Bank not liable for false signature

Maduro & Curiel’s Bank (MCB) did not fail in its duty of due care towards Calamari. That is the judgment of the Court in civil proceedings in appeal, pronounced on August 25.

It concerns two checks written out to bearer, provided with a false signature, cashed at the expense of Calamari. Calamari Management Company N.V. bears the trade name of Termigon and is described as “Management Company” and economic and management consultancy with the Chamber of Commerce. Owner is Eduard Dunker.

Calamari holds MCB liable for the loss because the bank would have acted negligently. But the Court of Justice finds that the signature placed is very similar to the signature of the authorized Director. The judgment states: “The duty of due care of the bank does not go so far that it always has to verify whether the payment requested fits in the normal payment pattern. Moreover, Calamari did not notice that the checkbook was missing until after the checks had been cashed.”
The Court of Justice hereby upholds the judgment given by the Court of First Instance (CFI) on January 28, 2008.

Fraud committed for over 18 thousand guilders

On March 1, 2007, two checks of Calamari, written out to bearer, were cashed.

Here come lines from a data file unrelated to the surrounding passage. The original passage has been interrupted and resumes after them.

(* Let $A$ be a quantum B-algebra, let $X,Y,F\in U(A)$ and let $F$ be a filter of $A$. Then $\mu_F(X)\cdot\mu_F(Y)\subseteq\mu_F(X\cdot Y)$. Moreover, $\mu_F:U(A)\to U(A)$ is a conucleus on $U(A)$, and the set $U(F)=\{U\in U(A)\mid U\subseteq F\}=\{\mu_F(X)\mid X\in U(A)\}$, equipped with the restriction of the multiplication of $U(A)$, is a subquantale of $U(A)$.
   Context: A quantum B-algebra is a poset $(A,\le)$ with binary operations $\to,\leadsto$ such that for all $x,y,z\in A$: $y\to z\le(x\to y)\to(x\to z)$; $y\leadsto z\le(x\leadsto y)\leadsto(x\leadsto z)$; $y\le z$ implies $x\to y\le x\to z$; and $x\le y\to z$ iff $y\le x\leadsto z$. $U(A)$ denotes the set of all upper subsets of $A$ (subsets $X$ such that $b\in X$ and $a\ge b$ imply $a\in X$; the empty set included), ordered by inclusion; it is a quantale (complete lattice whose joins are unions, with an associative multiplication distributing over arbitrary joins on both sides) under $X\cdot Y=\{a\in A\mid \exists y\in Y:\ y\to a\in X\}$. A filter of $A$ is a nonempty $F\in U(A)$ with $F\cdot F\subseteq F$. For $F,X\in U(A)$, $\mu_F(X)=F\cap X$. A conucleus on a quantale $Q$ is a map $g:Q\to Q$ that is order preserving, satisfies $g(a)\le a$ and $g(g(a))=g(a)$, and $g(a)\cdot g(b)\le g(a\cdot b)$ for all $a,b$. A subquantale is a subset closed under arbitrary joins and under the multiplication. *)

theory Defs
  imports Main
begin

text \<open>A quantum B-algebra: the whole type 'a is the carrier, with an explicit partial
order le and two binary operations imp (written \<rightarrow>) and limp (written \<leadsto>).\<close>

definition quantum_B_algebra ::
  "('a \<Rightarrow> 'a \<Rightarrow> bool) \<Rightarrow> ('a \<Rightarrow> 'a \<Rightarrow> 'a) \<Rightarrow> ('a \<Rightarrow> 'a \<Rightarrow> 'a) \<Rightarrow> bool" where
  "quantum_B_algebra le imp limp \<longleftrightarrow>
     (\<forall>x. le x x) \<and>
     (\<forall>x y. le x y \<longrightarrow> le y x \<longrightarrow> x = y) \<and>
     (\<forall>x y z. le x y \<longrightarrow> le y z \<longrightarrow> le x z) \<and>
     (\<forall>x y z. le (imp y z) (imp (imp x y) (imp x z))) \<and>
     (\<forall>x y z. le (limp y z) (limp (limp x y) (limp x z))) \<and>
     (\<forall>x y z. le y z \<longrightarrow> le (imp x y) (imp x z)) \<and>
     (\<forall>x y z. le x (imp y z) \<longleftrightarrow> le y (limp x z))"

definition upper_set :: "('a \<Rightarrow> 'a \<Rightarrow> bool) \<Rightarrow> 'a set \<Rightarrow> bool" where
  "upper_set le X \<longleftrightarrow> (\<forall>a b. b \<in> X \<longrightarrow> le b a \<longrightarrow> a \<in> X)"

definition UA :: "('a \<Rightarrow> 'a \<Rightarrow> bool) \<Rightarrow> 'a set set" where
  "UA le = {X. upper_set le X}"

definition umult :: "('a \<Rightarrow> 'a \<Rightarrow> 'a) \<Rightarrow> 'a set \<Rightarrow> 'a set \<Rightarrow> 'a set" where
  "umult imp X Y = {a. \<exists>y\<in>Y. imp y a \<in> X}"

definition qb_filter :: "('a \<Rightarrow> 'a \<Rightarrow> bool) \<Rightarrow> ('a \<Rightarrow> 'a \<Rightarrow> 'a) \<Rightarrow> 'a set \<Rightarrow> bool" where
  "qb_filter le imp F \<longleftrightarrow> F \<noteq> {} \<and> F \<in> UA le \<and> umult imp F F \<subseteq> F"

definition mu :: "'a set \<Rightarrow> 'a set \<Rightarrow> 'a set" where
  "mu F X = F \<inter> X"

definition conucleus :: "'b set set \<Rightarrow> ('b set \<Rightarrow> 'b set \<Rightarrow> 'b set) \<Rightarrow> ('b set \<Rightarrow> 'b set) \<Rightarrow> bool" where
  "conucleus Q m g \<longleftrightarrow>
     (\<forall>a\<in>Q. g a \<in> Q) \<and>
     (\<forall>a\<in>Q. \<forall>b\<in>Q. a \<subseteq> b \<longrightarrow> g a \<subseteq> g b) \<and>
     (\<forall>a\<in>Q. g a \<subseteq> a) \<and>
     (\<forall>a\<in>Q. g (g a) = g a) \<and>
     (\<forall>a\<in>Q. \<forall>b\<in>Q. m (g a) (g b) \<subseteq> g (m a b))"

text \<open>Subquantale of a quantale whose joins are unions: closed under arbitrary joins
  (unions) and under multiplication.\<close>
definition subquantale :: "'b set set \<Rightarrow> ('b set \<Rightarrow> 'b set \<Rightarrow> 'b set) \<Rightarrow> 'b set set \<Rightarrow> bool" where
  "subquantale Q m S \<longleftrightarrow>
     S \<subseteq> Q \<and> (\<forall>K. K \<subseteq> S \<longrightarrow> \<Union>K \<in> S) \<and> (\<forall>a\<in>S. \<forall>b\<in>S. m a b \<in> S)"

end

theory Submission
  imports Defs
begin

lemma quantum_B_algebra_imp_mono:
  assumes "quantum_B_algebra le imp limp" and "le y z"
  shows "le (imp x y) (imp x z)"
  using assms unfolding quantum_B_algebra_def by blast

lemma umult_mono:
  assumes "X \<subseteq> X'" and "Y \<subseteq> Y'"
  shows "umult imp X Y \<subseteq> umult imp X' Y'"
  using assms unfolding umult_def by blast

lemma umult_in_UA:
  assumes imp_mono: "\<And>x y z. le y z \<Longrightarrow> le (imp x y) (imp x z)"
    and "X \<in> UA le"
  shows "umult imp X Y \<in> UA le"
  using assms(2) unfolding UA_def upper_set_def umult_def by (blast dest: imp_mono)

lemma Union_in_UA: "K \<subseteq> UA le \<Longrightarrow> \<Union>K \<in> UA le"
  unfolding UA_def upper_set_def by blast

lemma mu_in_UA: "F \<in> UA le \<Longrightarrow> X \<in> UA le \<Longrightarrow> mu F X \<in> UA le"
  unfolding UA_def upper_set_def mu_def by blast

lemma umult_mu_subset:
  assumes "umult imp F F \<subseteq> F"
  shows "umult imp (mu F X) (mu F Y) \<subseteq> mu F (umult imp X Y)"
proof -
  have "umult imp (mu F X) (mu F Y) \<subseteq> umult imp F F"
    and "umult imp (mu F X) (mu F Y) \<subseteq> umult imp X Y"
    by (simp_all add: umult_mono mu_def)
  with assms show ?thesis by (auto simp: mu_def)
qed

lemma conucleus_mu:
  assumes "F \<in> UA le" and "umult imp F F \<subseteq> F"
  shows "conucleus (UA le) (umult imp) (mu F)"
  unfolding conucleus_def
  using mu_in_UA[OF assms(1)] umult_mu_subset[OF assms(2)] by (auto simp: mu_def)

lemma image_mu_UA:
  assumes "F \<in> UA le"
  shows "mu F ` UA le = {U \<in> UA le. U \<subseteq> F}"
proof
  show "mu F ` UA le \<subseteq> {U \<in> UA le. U \<subseteq> F}"
    using mu_in_UA[OF assms] by (auto simp: mu_def)
  show "{U \<in> UA le. U \<subseteq> F} \<subseteq> mu F ` UA le"
  proof
    fix U assume "U \<in> {U \<in> UA le. U \<subseteq> F}"
    then have "U \<in> UA le" and "U = mu F U" by (auto simp: mu_def)
    then show "U \<in> mu F ` UA le" by blast
  qed
qed

lemma subquantale_UA_below:
  assumes imp_mono: "\<And>x y z. le y z \<Longrightarrow> le (imp x y) (imp x z)"
    and "umult imp F F \<subseteq> F"
  shows "subquantale (UA le) (umult imp) {U \<in> UA le. U \<subseteq> F}"
  unfolding subquantale_def
proof (intro conjI allI impI ballI)
  show "{U \<in> UA le. U \<subseteq> F} \<subseteq> UA le" by blast
next
  fix K assume "K \<subseteq> {U \<in> UA le. U \<subseteq> F}"
  then show "\<Union>K \<in> {U \<in> UA le. U \<subseteq> F}" using Union_in_UA[of K le] by blast
next
  fix U V assume U: "U \<in> {U \<in> UA le. U \<subseteq> F}" and V: "V \<in> {U \<in> UA le. U \<subseteq> F}"
  have "umult imp U V \<in> UA le" using U umult_in_UA[of le imp U V] imp_mono by blast
  moreover have "umult imp U V \<subseteq> F"
    using U V umult_mono[of U F V F imp] assms(2) by blast
  ultimately show "umult imp U V \<in> {U \<in> UA le. U \<subseteq> F}" by blast
qed

theorem lemma3p1:
  fixes le :: "'a \<Rightarrow> 'a \<Rightarrow> bool" and imp limp :: "'a \<Rightarrow> 'a \<Rightarrow> 'a"
    and X Y F :: "'a set"
  assumes "quantum_B_algebra le imp limp"
    and "X \<in> UA le" and "Y \<in> UA le" and "F \<in> UA le"
    and "qb_filter le imp F"
  shows "umult imp (mu F X) (mu F Y) \<subseteq> mu F (umult imp X Y)
    \<and> conucleus (UA le) (umult imp) (mu F)
    \<and> {U \<in> UA le. U \<subseteq> F} = mu F ` UA le
    \<and> subquantale (UA le) (umult imp) {U \<in> UA le. U \<subseteq> F}"
proof -
  have FF: "umult imp F F \<subseteq> F" using assms(5) unfolding qb_filter_def by blast
  have imp_mono: "\<And>x y z. le y z \<Longrightarrow> le (imp x y) (imp x z)"
    using quantum_B_algebra_imp_mono[OF assms(1)] .
  show ?thesis
    using umult_mu_subset[OF FF] conucleus_mu[OF assms(4) FF] image_mu_UA[OF assms(4)]
      subquantale_UA_below[of le imp F, OF imp_mono FF] by simp
qed

end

It concerned a total amount of 18,724 guilders and fifty cents. The company filed a report with the police regarding this fact within one week. According to the general terms and conditions of the bank, a customer has to retain forms with due care. In case of loss or theft, the bank has to be notified in writing.

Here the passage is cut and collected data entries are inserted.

(* Let $X$ be a finite set with similarity function $S$, suppose the target clustering $\mathcal{C}^{\ast}$ satisfies stability with respect to $S$, and suppose the initial clustering has correlation-clustering error $\delta_{cc}$. In the $\eta$-merge model, for any $\eta>2/3$, the interactive algorithm using the global split procedure and the correlation-clustering merge procedure (described below) requires at most $\delta_{cc}$ edit requests to find the target clustering.
   Context: For nonempty $A,A'\subseteq X$, $S(A,A')$ is the average of $S(x,y)$ over $x\in A,y\in A'$. $\mathcal{C}^{\ast}=\{C^{\ast}_1,\dots,C^{\ast}_k\}$ satisfies stability w.r.t. $S$ if for all $i\neq j$, every nonempty proper $A\subset C^{\ast}_i$ and nonempty $A'\subseteq C^{\ast}_j$: $S(A,C^{\ast}_i\setminus A)>S(A,A')$. For a clustering $\mathcal{C}$, $\delta_{cc}=|\{(u,v)\in X\times X: c(u,v)\neq c^{\ast}(u,v)\}|$, where $c(u,v)=1$ if $u,v$ lie in the same cluster of $\mathcal{C}$ and $0$ otherwise, and $c^{\ast}$ is defined likewise for $\mathcal{C}^{\ast}$. Average-linkage tree $T_{glob}$: leaves are singletons; repeatedly merge the two current nodes $N_1,N_2$ with largest $S(N_1,N_2)$ (ties arbitrary) into parent $N_1\cup N_2$ until the root $X$ remains. Process ($\eta$-merge model): starting from the initial clustering, an oracle repeatedly issues split$(C_i)$ (only if current cluster $C_i$ contains points from two or more target clusters) or merge$(C_i,C_j)$ for distinct current clusters (only if some target cluster $C^{\ast}_l$ has $|C_i\cap C^{\ast}_l|\ge\eta|C_i|$ and $|C_j\cap C^{\ast}_l|\ge\eta|C_j|$). Split procedure: let $N$ be the deepest node of $T_{glob}$ containing $C_i$, with children $N_1,N_2$; replace $C_i$ by $C_i\cap N_1$ and $C_i\cap N_2$. Correlation-clustering merge procedure: find a node $N$ of $T_{glob}$ of maximal depth with $|N\cap C_i|\ge\eta|C_i|$ and $|N\cap C_j|\ge\eta|C_j|$; if $|C_i|\ge|C_j|$, replace $C_i$ by $C_i\cup(N\cap C_j)$ and $C_j$ by $C_j\setminus N$; otherwise replace $C_i$ by $C_i\setminus N$ and $C_j$ by $C_j\cup(N\cap C_i)$ (empty clusters are discarded). The bound is on the number of requests before the current clustering equals $\mathcal{C}^{\ast}$, for any sequence of allowed requests. *)

theory Defs
  imports Complex_Main
begin

definition avg_sim :: "('a \<Rightarrow> 'a \<Rightarrow> real) \<Rightarrow> 'a set \<Rightarrow> 'a set \<Rightarrow> real" where
  "avg_sim S A B = (\<Sum>x\<in>A. \<Sum>y\<in>B. S x y) / (real (card A) * real (card B))"

definition is_clustering :: "'a set \<Rightarrow> 'a set set \<Rightarrow> bool" where
  "is_clustering X P \<longleftrightarrow> \<Union>P = X \<and> {} \<notin> P \<and>
     (\<forall>A\<in>P. \<forall>B\<in>P. A \<noteq> B \<longrightarrow> A \<inter> B = {})"

definition target_stable :: "('a \<Rightarrow> 'a \<Rightarrow> real) \<Rightarrow> 'a set set \<Rightarrow> bool" where
  "target_stable S Cs \<longleftrightarrow> (\<forall>Ci\<in>Cs. \<forall>Cj\<in>Cs. Ci \<noteq> Cj \<longrightarrow>
     (\<forall>A A'. A \<noteq> {} \<and> A \<subset> Ci \<and> A' \<noteq> {} \<and> A' \<subseteq> Cj \<longrightarrow>
        avg_sim S A (Ci - A) > avg_sim S A A'))"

“Until the moment the bank receives this notice, the consequences of the use of these forms are for account and risk of the customer, unless the customer proves that the bank can be attributed any guilt,” the judgment continues. Upon receipt of such notice, the bank will attempt as much as possible to prevent prejudice of the customer. Within the framework of its duty of due care, the bank has to check properly whether the checks offered have been written out and signed by a person authorized to sign for the account.

The Court of Justice finds, as did the CFI, that the signature on the checks is very similar to the signature of Calamari’s Director. The judgment adds: “That the signatures placed are not entirely identical, as Calamari brought forward in the explanation, does not alter this. For small deviations in it are not unusual.” Calamari doubts the fact whether the bank tellers of MCB really verified the signature.

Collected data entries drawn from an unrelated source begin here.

lemma det_upper_triangular:
  fixes S :: "(('a::comm_ring_1, 'n::{finite,linorder}) vec, 'n) vec"
  assumes "upper_triangular S"
  shows "det S = (\<Prod>i\<in>UNIV. S$i$i)"
proof -
  have "det S = (\<Sum>p\<in>{id}. of_int (sign p) * (\<Prod>i\<in>UNIV. S $ i $ p i))"
    unfolding det_def
  proof (rule sum.mono_neutral_right)
    show "\<forall>p\<in>{p. p permutes UNIV} - {id}. of_int (sign p) * (\<Prod>i\<in>UNIV. S $ i $ p i) = 0"
    proof
      fix p :: "'n \<Rightarrow> 'n" assume "p \<in> {p. p permutes UNIV} - {id}"
      then obtain i where "p i < i"
        using permutes_ex_less by blast
      then have "S $ i $ p i = 0"
        using assms by (simp add: upper_triangular_def)
      then have "(\<Prod>i\<in>UNIV. S $ i $ p i) = 0"
        by (intro prod_zero) auto
      then show "of_int (sign p) * (\<Prod>i\<in>UNIV. S $ i $ p i) = 0"
        by simp
    qed
  qed (simp_all add: finite_permutations)
  then show ?thesis
    by simp
qed

lemma order_prod_linear_factors:
  fixes s :: "'i \<Rightarrow> complex"
  assumes "finite I"
  shows "order c (\<Prod>i\<in>I. [:- s i, 1:]) = card {i\<in>I. s i = c}"
  using assms
proof (induct I rule: finite_induct)
  case empty
  then show ?case
    by (simp add: order_0I)
next
  case (insert x F)
  have "(\<Prod>i\<in>F. [:- s i, 1:]) \<noteq> 0"
    using insert(1) by simp
  then have "[:- s x, 1:] * (\<Prod>i\<in>F. [:- s i, 1:]) \<noteq> 0"
    by (metis mult_eq_0_iff pCons_eq_0_iff one_neq_zero)
  then have "order c (\<Prod>i\<in>insert x F. [:- s i, 1:]) = order c [:- s x, 1:] + card {i\<in>F. s i = c}"
    unfolding prod.insert[OF insert(1,2)] insert(3)[symmetric] by (rule order_mult)
  also have "order c [:- s x, 1:] = (if s x = c then 1 else 0)"
    using order_power_n_n[of c 1] by (auto simp: order_0I)
  also have "(if s x = c then 1 else 0) + card {i\<in>F. s i = c} = card {i\<in>insert x F. s i = c}"
  proof (cases "s x = c")
    case True
    then have "{i\<in>insert x F. s i = c} = insert x {i\<in>F. s i = c}"
      by auto
    then show ?thesis
      using True insert(1,2) by simp
  next
    case False
    then have "{i\<in>insert x F. s i = c} = {i\<in>F. s i = c}"
      by auto
    then show ?thesis
      using False by simp
  qed
  finally show ?case .
qed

But the Court of Justice holds that this does not alter the fact that the signature appeared very similar. In addition, the company is of the opinion that MCB should have been extra alert, because the amount to be paid deviates from the normal payment pattern. Moreover, the company “very rarely writes out checks to bearer”. And if this is done, it is not for an amount exceeding three hundred guilders.

In addition, Calamari brings forward that MCB should have been surprised that the same person came to cash a check twice on the same day. “This should have raised suspicion,” according to the company’s owner. But the Court of Justice holds that the duty of due care of the bank does not go so far that when verifying checks offered to be cashed it has to be verified always whether the requested payment fits in the normal payment pattern of the accountholder.

Also the fact that the two checks were offered at two different branches of MCB by the same person on the same day is not as remarkable in itself. It is also observed in this respect that the checkbook should already have been missing since February 28, because the employee committing the fraud then left the employment. “Calamari did not notice it was missing until after the employee who managed the checkbook had left his employment and after the checks had been cashed.

This means that Calamari apparently supervised the keeping of the checkbook inadequately after the person charged with the management hereof had left,” according to the judge.

(Source: National newspaper Antilliaans Dagblad)

September 3, 2009

Molly Steward, partner at the law firm VanEps Kunneman VanDoorne, represented Maduro & Curiel’s Bank N.V. in these proceedings. Calamari Management Corporation N.V. was represented by Mr. A. Huizing and Mr. E.J.J. Huizing.